### Dataset ###

(* Let $L,K\ge1$, let $\mathbf{M}=(m_{l,k})\in\mathbb{R}^{L\times K}$ have all entries strictly positive, and equip $\mathbb{R}^{L\times K}$ with the inner product $\langle\mathbf{Y},\mathbf{Z}\rangle_{\mathbf{M}}=\sum_{l=1}^L\sum_{k=1}^K m_{l,k}y_{l,k}z_{l,k}$ and its norm $\|\cdot\|_{\mathbf{M}}$. Let $\mathcal{H}$ be the subspace of $L\times K$ Hankel matrices and, for an integer $r\ge0$, let $\mathcal{M}_r$ be the set of $L\times K$ matrices of rank at most $r$. Let $\Pi_{\mathcal{H}}$ be the $\|\cdot\|_{\mathbf{M}}$-orthogonal projection onto $\mathcal{H}$ and $\Pi_{\mathcal{M}_r}$ a map assigning to each matrix a $\|\cdot\|_{\mathbf{M}}$-closest point of $\mathcal{M}_r$. For $\mathbf{X}\in\mathbb{R}^{L\times K}$ put $\mathbf{Y}_0=\mathbf{X}$, $\mathbf{Y}_{k+1}=\Pi_{\mathcal{H}}\Pi_{\mathcal{M}_r}\mathbf{Y}_k$. Then $\|\mathbf{Y}_k-\Pi_{\mathcal{M}_r}\mathbf{Y}_k\|_{\mathbf{M}}\to0$, $\|\Pi_{\mathcal{M}_r}\mathbf{Y}_k-\mathbf{Y}_{k+1}\|_{\mathbf{M}}\to0$, and some subsequence of $(\mathbf{Y}_k)$ converges to a Hankel matrix of rank at most $r$.
   Context: A matrix $(y_{i,j})\in\mathbb{R}^{L\times K}$ is Hankel if $y_{i,j}$ depends only on $i+j$. *)

theory Defs
  imports "HOL-Analysis.Analysis"
begin

text \<open>Matrices in R^(L x K) are rendered as real^'k^'l, with row index type 'l and
 column index type 'k (finite, linearly ordered). Row/column positions are counted from 0.\<close>

definition idx :: "'a::{finite,linorder} \<Rightarrow> nat" where
  "idx i = card {j. j < i}"

definition hankel :: "(real^'k::{finite,linorder}^'l::{finite,linorder}) set" where
  "hankel = {Y. \<forall>i j i' j'. idx i + idx j = idx i' + idx j' \<longrightarrow> Y$i$j = Y$i'$j'}"

definition low_rank :: "nat \<Rightarrow> (real^'k^'l) set" where
  "low_rank r = {Y. rank Y \<le> r}"

definition Minner :: "real^'k^'l \<Rightarrow> real^'k^'l \<Rightarrow> real^'k^'l \<Rightarrow> real" where
  "Minner M Y Z = (\<Sum>i\<in>UNIV. \<Sum>j\<in>UNIV. M$i$j * Y$i$j * Z$i$j)"

definition Mnorm :: "real^'k^'l \<Rightarrow> real^'k^'l \<Rightarrow> real" where
  "Mnorm M Y = sqrt (Minner M Y Y)"

definition is_orth_proj :: "real^'k^'l \<Rightarrow> (real^'k^'l) set \<Rightarrow> (real^'k^'l \<Rightarrow> real^'k^'l) \<Rightarrow> bool" where
  "is_orth_proj M S P \<longleftrightarrow> (\<forall>Y. P Y \<in> S \<and> (\<forall>Z\<in>S. Minner M (Y - P Y) Z = 0))"

definition is_nearest_map :: "real^'k^'l \<Rightarrow> (real^'k^'l) set \<Rightarrow> (real^'k^'l \<Rightarrow> real^'k^'l) \<Rightarrow> bool" where
  "is_nearest_map M S P \<longleftrightarrow> (\<forall>Y. P Y \<in> S \<and> (\<forall>Z\<in>S. Mnorm M (Y - P Y) \<le> Mnorm M (Y - Z)))"

end

theory Submission
  imports Defs
begin

text \<open>Weighting entry (i, j) by sqrt m_ij turns the M-inner product into the Euclidean one, so it
  suffices to study alternating projections between a set H carrying an orthogonal projection and
  a cone C (matrices of rank at most r are closed under scaling) carrying a nearest-point map.
  Because C is a cone, x - P_C x is orthogonal to P_C x; together with Pythagoras for P_H this
  shows that the iterates y_k shrink in norm, that d_k = dist(y_k, C) decreases, and that
  |y_{k+1} - y_k|^2 <= d_k^2 - d_{k+1}^2, so the steps tend to 0. The estimate
  d_k^2 <= |y_0| |y_k - y_{k+1}| then forces d_k -> 0. The bounded iterates have a convergent
  subsequence, whose limit lies in H and in C since the projection maps make both sets closed.\<close>

lemma nearest_on_line_orthogonal:
  fixes x z :: "'a::real_inner"
  assumes nearest: "\<And>c. norm (x - z) \<le> norm (x - c *\<^sub>R z)"
  shows "inner (x - z) z = 0"
proof (cases "z = 0")
  case False
  define a where "a = inner z z"
  define b where "b = inner x z"
  have "a > 0" using False by (simp add: a_def)
  have sq: "norm (x - c *\<^sub>R z) ^ 2 = inner x x - 2 * c * b + c ^ 2 * a" for c
    unfolding power2_norm_eq_inner
    by (simp add: inner_diff_left inner_diff_right a_def b_def inner_commute
        power2_eq_square algebra_simps)
  \<comment> \<open>compare with the foot of the perpendicular from x to the line through z\<close>
  have "norm (x - z) ^ 2 \<le> norm (x - (b / a) *\<^sub>R z) ^ 2"
    using nearest by (simp add: power_mono)
  then have "inner x x - 2 * b + a \<le> inner x x - 2 * (b / a) * b + (b / a) ^ 2 * a"
    using sq[of 1] sq[of "b / a"] by simp
  then have "(a - b) ^ 2 \<le> 0"
    using \<open>a > 0\<close> by (simp add: field_simps power2_eq_square)
  then have "a = b" by simp
  then show ?thesis by (simp add: a_def b_def inner_diff_left)
qed simp

lemma decseq_diff_tendsto_zero:
  fixes f :: "nat \<Rightarrow> real"
  assumes "decseq f" and "\<And>n. 0 \<le> f n"
  shows "(\<lambda>n. f n - f (Suc n)) \<longlonglongrightarrow> 0"
proof -
  obtain L where "f \<longlonglongrightarrow> L"
    using decseq_convergent[OF assms(1)] assms(2) by blast
  then have "(\<lambda>n. f n - f (Suc n)) \<longlonglongrightarrow> L - L"
    by (intro tendsto_diff LIMSEQ_Suc)
  then show ?thesis by simp
qed

locale alternating_projections =
  fixes H C :: "'a::real_inner set" and PH PC :: "'a \<Rightarrow> 'a"
  assumes PH_in: "PH x \<in> H"
    and PH_orthogonal: "z \<in> H \<Longrightarrow> inner (x - PH x) z = 0"
    and PC_in: "PC x \<in> C"
    and PC_nearest: "z \<in> C \<Longrightarrow> norm (x - PC x) \<le> norm (x - z)"
    and C_cone: "z \<in> C \<Longrightarrow> c *\<^sub>R z \<in> C"
begin

lemma PC_orthogonal: "inner (x - PC x) (PC x) = 0"
  by (rule nearest_on_line_orthogonal) (simp add: PC_nearest C_cone PC_in)

lemma norm_PC_Pythagorean: "norm x ^ 2 = norm (x - PC x) ^ 2 + norm (PC x) ^ 2"
  using norm_add_Pythagorean[of "x - PC x" "PC x"] PC_orthogonal[of x]
  by (simp add: orthogonal_def)

lemma norm_PH_Pythagorean: "norm x ^ 2 = norm (x - PH x) ^ 2 + norm (PH x) ^ 2"
  using norm_add_Pythagorean[of "x - PH x" "PH x"] PH_orthogonal[OF PH_in, of x]
  by (simp add: orthogonal_def)

lemma dist_PH_Pythagorean:
  assumes "z \<in> H"
  shows "norm (x - z) ^ 2 = norm (x - PH x) ^ 2 + norm (PH x - z) ^ 2"
  using norm_add_Pythagorean[of "x - PH x" "PH x - z"]
    PH_orthogonal[OF PH_in, of x] PH_orthogonal[OF assms, of x]
  by (simp add: orthogonal_def inner_diff_right)

lemma closed_H: "closed H"
proof (unfold closed_sequential_limits, intro allI impI, elim conjE)
  fix x l assume x_in: "\<forall>n. x n \<in> H" and x_lim: "x \<longlonglongrightarrow> l"
  have "(\<lambda>n. inner (l - PH l) (x n)) \<longlonglongrightarrow> inner (l - PH l) l"
    using x_lim by (intro tendsto_inner tendsto_const)
  moreover have "(\<lambda>n. inner (l - PH l) (x n)) = (\<lambda>n. 0)"
    using x_in PH_orthogonal by blast
  ultimately have "inner (l - PH l) l = 0"
    by (simp add: LIMSEQ_const_iff)
  then have "inner (l - PH l) (l - PH l) = 0"
    using PH_orthogonal[OF PH_in, of l] by (simp add: inner_diff_right)
  then show "l \<in> H" using PH_in[of l] by simp
qed

lemma closed_C: "closed C"
proof (unfold closed_sequential_limits, intro allI impI, elim conjE)
  fix x l assume x_in: "\<forall>n. x n \<in> C" and x_lim: "x \<longlonglongrightarrow> l"
  have "(\<lambda>n. norm (l - x n)) \<longlonglongrightarrow> 0"
    using tendsto_dist[OF tendsto_const x_lim, of l] by (simp add: dist_norm)
  then have "norm (l - PC l) \<le> 0"
    using x_in PC_nearest by (intro tendsto_lowerbound[where F=sequentially]) auto
  then show "l \<in> C" using PC_in[of l] by simp
qed

context
  fixes y :: "nat \<Rightarrow> 'a"
  assumes y_Suc: "y (Suc n) = PH (PC (y n))"
begin

lemma y_Suc_in_H: "y (Suc n) \<in> H"
  by (simp add: y_Suc PH_in)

###

**Task prompt:** Please state how many lines in the records contain the word "longleftrightarrow", and give only that number.

**Task answer:** 2